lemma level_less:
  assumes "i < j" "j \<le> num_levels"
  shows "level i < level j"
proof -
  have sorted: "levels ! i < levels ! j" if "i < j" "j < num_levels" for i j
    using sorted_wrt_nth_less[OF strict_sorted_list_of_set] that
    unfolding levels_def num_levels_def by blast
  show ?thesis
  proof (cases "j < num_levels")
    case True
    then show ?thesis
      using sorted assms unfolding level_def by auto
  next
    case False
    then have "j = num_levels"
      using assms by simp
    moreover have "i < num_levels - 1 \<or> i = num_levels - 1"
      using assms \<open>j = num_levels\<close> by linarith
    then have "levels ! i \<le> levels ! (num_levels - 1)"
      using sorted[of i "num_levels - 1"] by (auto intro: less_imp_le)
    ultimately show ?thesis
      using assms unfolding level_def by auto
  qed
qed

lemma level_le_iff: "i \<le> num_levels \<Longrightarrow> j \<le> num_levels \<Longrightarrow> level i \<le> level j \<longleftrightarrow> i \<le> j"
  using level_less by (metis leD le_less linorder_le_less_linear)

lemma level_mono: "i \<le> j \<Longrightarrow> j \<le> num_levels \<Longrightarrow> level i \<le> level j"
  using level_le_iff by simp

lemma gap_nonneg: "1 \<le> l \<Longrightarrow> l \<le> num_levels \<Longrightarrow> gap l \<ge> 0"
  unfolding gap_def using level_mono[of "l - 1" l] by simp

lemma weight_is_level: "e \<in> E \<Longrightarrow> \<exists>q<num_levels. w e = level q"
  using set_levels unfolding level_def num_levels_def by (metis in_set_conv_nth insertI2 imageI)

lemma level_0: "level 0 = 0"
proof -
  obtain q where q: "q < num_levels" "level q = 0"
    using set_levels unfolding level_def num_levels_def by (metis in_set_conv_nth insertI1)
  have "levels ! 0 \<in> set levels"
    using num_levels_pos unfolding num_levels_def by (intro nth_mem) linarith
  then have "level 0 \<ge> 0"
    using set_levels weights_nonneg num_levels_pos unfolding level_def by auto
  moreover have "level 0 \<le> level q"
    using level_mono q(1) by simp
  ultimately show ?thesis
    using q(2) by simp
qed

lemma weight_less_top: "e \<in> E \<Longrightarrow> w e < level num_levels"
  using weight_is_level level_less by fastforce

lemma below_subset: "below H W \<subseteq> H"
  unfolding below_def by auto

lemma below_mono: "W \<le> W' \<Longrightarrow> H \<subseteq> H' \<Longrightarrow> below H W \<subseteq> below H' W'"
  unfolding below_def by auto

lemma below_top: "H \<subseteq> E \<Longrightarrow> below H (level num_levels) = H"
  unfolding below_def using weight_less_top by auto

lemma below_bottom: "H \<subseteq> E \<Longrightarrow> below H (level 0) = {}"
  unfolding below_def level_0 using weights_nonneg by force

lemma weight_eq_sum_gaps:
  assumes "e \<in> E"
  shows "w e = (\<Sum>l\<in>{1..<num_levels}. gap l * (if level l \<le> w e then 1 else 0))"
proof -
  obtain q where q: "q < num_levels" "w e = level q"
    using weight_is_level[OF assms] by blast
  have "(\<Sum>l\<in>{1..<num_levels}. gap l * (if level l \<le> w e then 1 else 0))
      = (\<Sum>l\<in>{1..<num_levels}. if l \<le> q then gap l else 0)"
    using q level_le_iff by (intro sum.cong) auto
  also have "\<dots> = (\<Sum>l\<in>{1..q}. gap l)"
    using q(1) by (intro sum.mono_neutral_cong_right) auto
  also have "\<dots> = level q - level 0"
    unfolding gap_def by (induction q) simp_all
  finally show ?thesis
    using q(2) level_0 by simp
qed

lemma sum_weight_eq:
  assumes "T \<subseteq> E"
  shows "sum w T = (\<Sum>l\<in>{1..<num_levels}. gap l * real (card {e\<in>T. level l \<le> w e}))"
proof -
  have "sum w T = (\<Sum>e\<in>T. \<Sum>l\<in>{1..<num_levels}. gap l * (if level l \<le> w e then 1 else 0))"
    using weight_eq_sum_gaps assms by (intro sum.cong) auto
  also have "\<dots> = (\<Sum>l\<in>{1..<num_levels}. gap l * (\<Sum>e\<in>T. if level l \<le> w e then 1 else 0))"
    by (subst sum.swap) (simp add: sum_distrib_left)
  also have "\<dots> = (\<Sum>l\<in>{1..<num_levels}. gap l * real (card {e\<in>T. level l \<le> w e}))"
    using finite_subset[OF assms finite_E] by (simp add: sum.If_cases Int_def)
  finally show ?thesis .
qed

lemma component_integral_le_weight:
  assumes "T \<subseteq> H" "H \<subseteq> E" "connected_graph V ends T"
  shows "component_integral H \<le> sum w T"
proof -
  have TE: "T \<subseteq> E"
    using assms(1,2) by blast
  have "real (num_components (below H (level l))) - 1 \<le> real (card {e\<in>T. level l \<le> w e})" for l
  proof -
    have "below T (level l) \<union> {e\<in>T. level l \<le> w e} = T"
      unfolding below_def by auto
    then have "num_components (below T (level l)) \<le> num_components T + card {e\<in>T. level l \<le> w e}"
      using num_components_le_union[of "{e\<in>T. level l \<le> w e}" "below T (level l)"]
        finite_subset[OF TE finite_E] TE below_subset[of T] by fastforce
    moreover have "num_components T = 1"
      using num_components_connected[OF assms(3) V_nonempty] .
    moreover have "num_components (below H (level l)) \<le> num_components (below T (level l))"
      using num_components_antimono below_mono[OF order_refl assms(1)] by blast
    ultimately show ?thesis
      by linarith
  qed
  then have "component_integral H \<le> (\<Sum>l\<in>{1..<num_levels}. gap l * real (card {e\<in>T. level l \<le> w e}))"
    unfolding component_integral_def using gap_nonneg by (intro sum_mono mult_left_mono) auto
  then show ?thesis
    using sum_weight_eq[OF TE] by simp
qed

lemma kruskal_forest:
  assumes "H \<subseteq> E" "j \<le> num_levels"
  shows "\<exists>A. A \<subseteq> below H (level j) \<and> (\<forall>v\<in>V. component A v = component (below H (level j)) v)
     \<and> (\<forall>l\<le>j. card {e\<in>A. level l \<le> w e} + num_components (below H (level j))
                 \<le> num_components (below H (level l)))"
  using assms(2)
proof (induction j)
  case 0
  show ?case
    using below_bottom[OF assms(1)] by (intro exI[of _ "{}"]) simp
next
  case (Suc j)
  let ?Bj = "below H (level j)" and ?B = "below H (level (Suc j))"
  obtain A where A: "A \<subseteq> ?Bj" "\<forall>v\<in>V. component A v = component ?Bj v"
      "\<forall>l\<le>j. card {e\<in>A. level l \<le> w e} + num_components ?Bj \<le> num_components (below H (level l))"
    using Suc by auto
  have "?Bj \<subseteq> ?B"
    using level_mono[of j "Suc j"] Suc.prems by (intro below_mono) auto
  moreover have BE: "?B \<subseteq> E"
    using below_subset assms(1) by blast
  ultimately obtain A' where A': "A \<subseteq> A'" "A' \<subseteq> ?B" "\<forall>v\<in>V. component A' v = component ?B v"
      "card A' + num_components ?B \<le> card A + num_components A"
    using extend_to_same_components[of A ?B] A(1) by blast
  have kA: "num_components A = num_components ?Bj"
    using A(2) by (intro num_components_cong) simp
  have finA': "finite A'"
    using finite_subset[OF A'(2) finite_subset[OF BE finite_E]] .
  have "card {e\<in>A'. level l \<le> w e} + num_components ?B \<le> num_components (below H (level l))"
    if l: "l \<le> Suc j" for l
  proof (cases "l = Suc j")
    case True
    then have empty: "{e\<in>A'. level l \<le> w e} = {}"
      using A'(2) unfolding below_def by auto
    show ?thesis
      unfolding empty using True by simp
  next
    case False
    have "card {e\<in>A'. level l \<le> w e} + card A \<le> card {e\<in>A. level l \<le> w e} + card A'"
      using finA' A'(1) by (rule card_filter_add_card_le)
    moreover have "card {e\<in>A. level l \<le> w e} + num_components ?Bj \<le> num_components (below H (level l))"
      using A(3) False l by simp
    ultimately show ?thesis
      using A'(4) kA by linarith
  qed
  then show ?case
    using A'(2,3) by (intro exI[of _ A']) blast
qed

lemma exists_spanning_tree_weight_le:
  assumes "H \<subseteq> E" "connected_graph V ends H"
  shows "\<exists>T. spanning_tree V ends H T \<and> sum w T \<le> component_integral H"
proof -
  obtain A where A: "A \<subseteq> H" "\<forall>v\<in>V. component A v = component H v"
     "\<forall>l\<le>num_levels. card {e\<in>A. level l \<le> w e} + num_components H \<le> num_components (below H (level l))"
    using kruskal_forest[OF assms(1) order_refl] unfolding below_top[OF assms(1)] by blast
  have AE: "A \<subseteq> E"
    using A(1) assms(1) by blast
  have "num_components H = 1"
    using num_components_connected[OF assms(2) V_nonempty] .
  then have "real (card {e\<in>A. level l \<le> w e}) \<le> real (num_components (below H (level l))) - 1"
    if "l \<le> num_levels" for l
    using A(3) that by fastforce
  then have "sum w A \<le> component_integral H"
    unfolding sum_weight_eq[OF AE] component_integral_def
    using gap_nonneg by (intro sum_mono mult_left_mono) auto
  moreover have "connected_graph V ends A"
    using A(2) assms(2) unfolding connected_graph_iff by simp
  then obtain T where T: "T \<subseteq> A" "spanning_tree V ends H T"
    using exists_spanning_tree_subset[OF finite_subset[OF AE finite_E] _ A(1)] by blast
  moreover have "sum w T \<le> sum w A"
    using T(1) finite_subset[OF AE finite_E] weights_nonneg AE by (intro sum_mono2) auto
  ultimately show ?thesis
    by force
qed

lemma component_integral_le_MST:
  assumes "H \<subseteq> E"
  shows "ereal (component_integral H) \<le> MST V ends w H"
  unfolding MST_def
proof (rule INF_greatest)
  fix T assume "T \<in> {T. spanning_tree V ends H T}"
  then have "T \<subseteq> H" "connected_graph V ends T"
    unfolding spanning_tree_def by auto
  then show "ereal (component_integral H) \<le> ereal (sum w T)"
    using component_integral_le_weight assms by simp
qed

INSTRUCTIONS TO FOLLOW: Please output only the lines from the first line of the entries through the line with "i = num_levels", both included, exactly as written.

EXPECTED ANSWER:
lemma level_less:
  assumes "i < j" "j \<le> num_levels"
  shows "level i < level j"
proof -
  have sorted: "levels ! i < levels ! j" if "i < j" "j < num_levels" for i j
    using sorted_wrt_nth_less[OF strict_sorted_list_of_set] that
    unfolding levels_def num_levels_def by blast
  show ?thesis
  proof (cases "j < num_levels")
    case True
    then show ?thesis
      using sorted assms unfolding level_def by auto
  next
    case False
    then have "j = num_levels"
      using assms by simp
    moreover have "i < num_levels - 1 \<or> i = num_levels - 1"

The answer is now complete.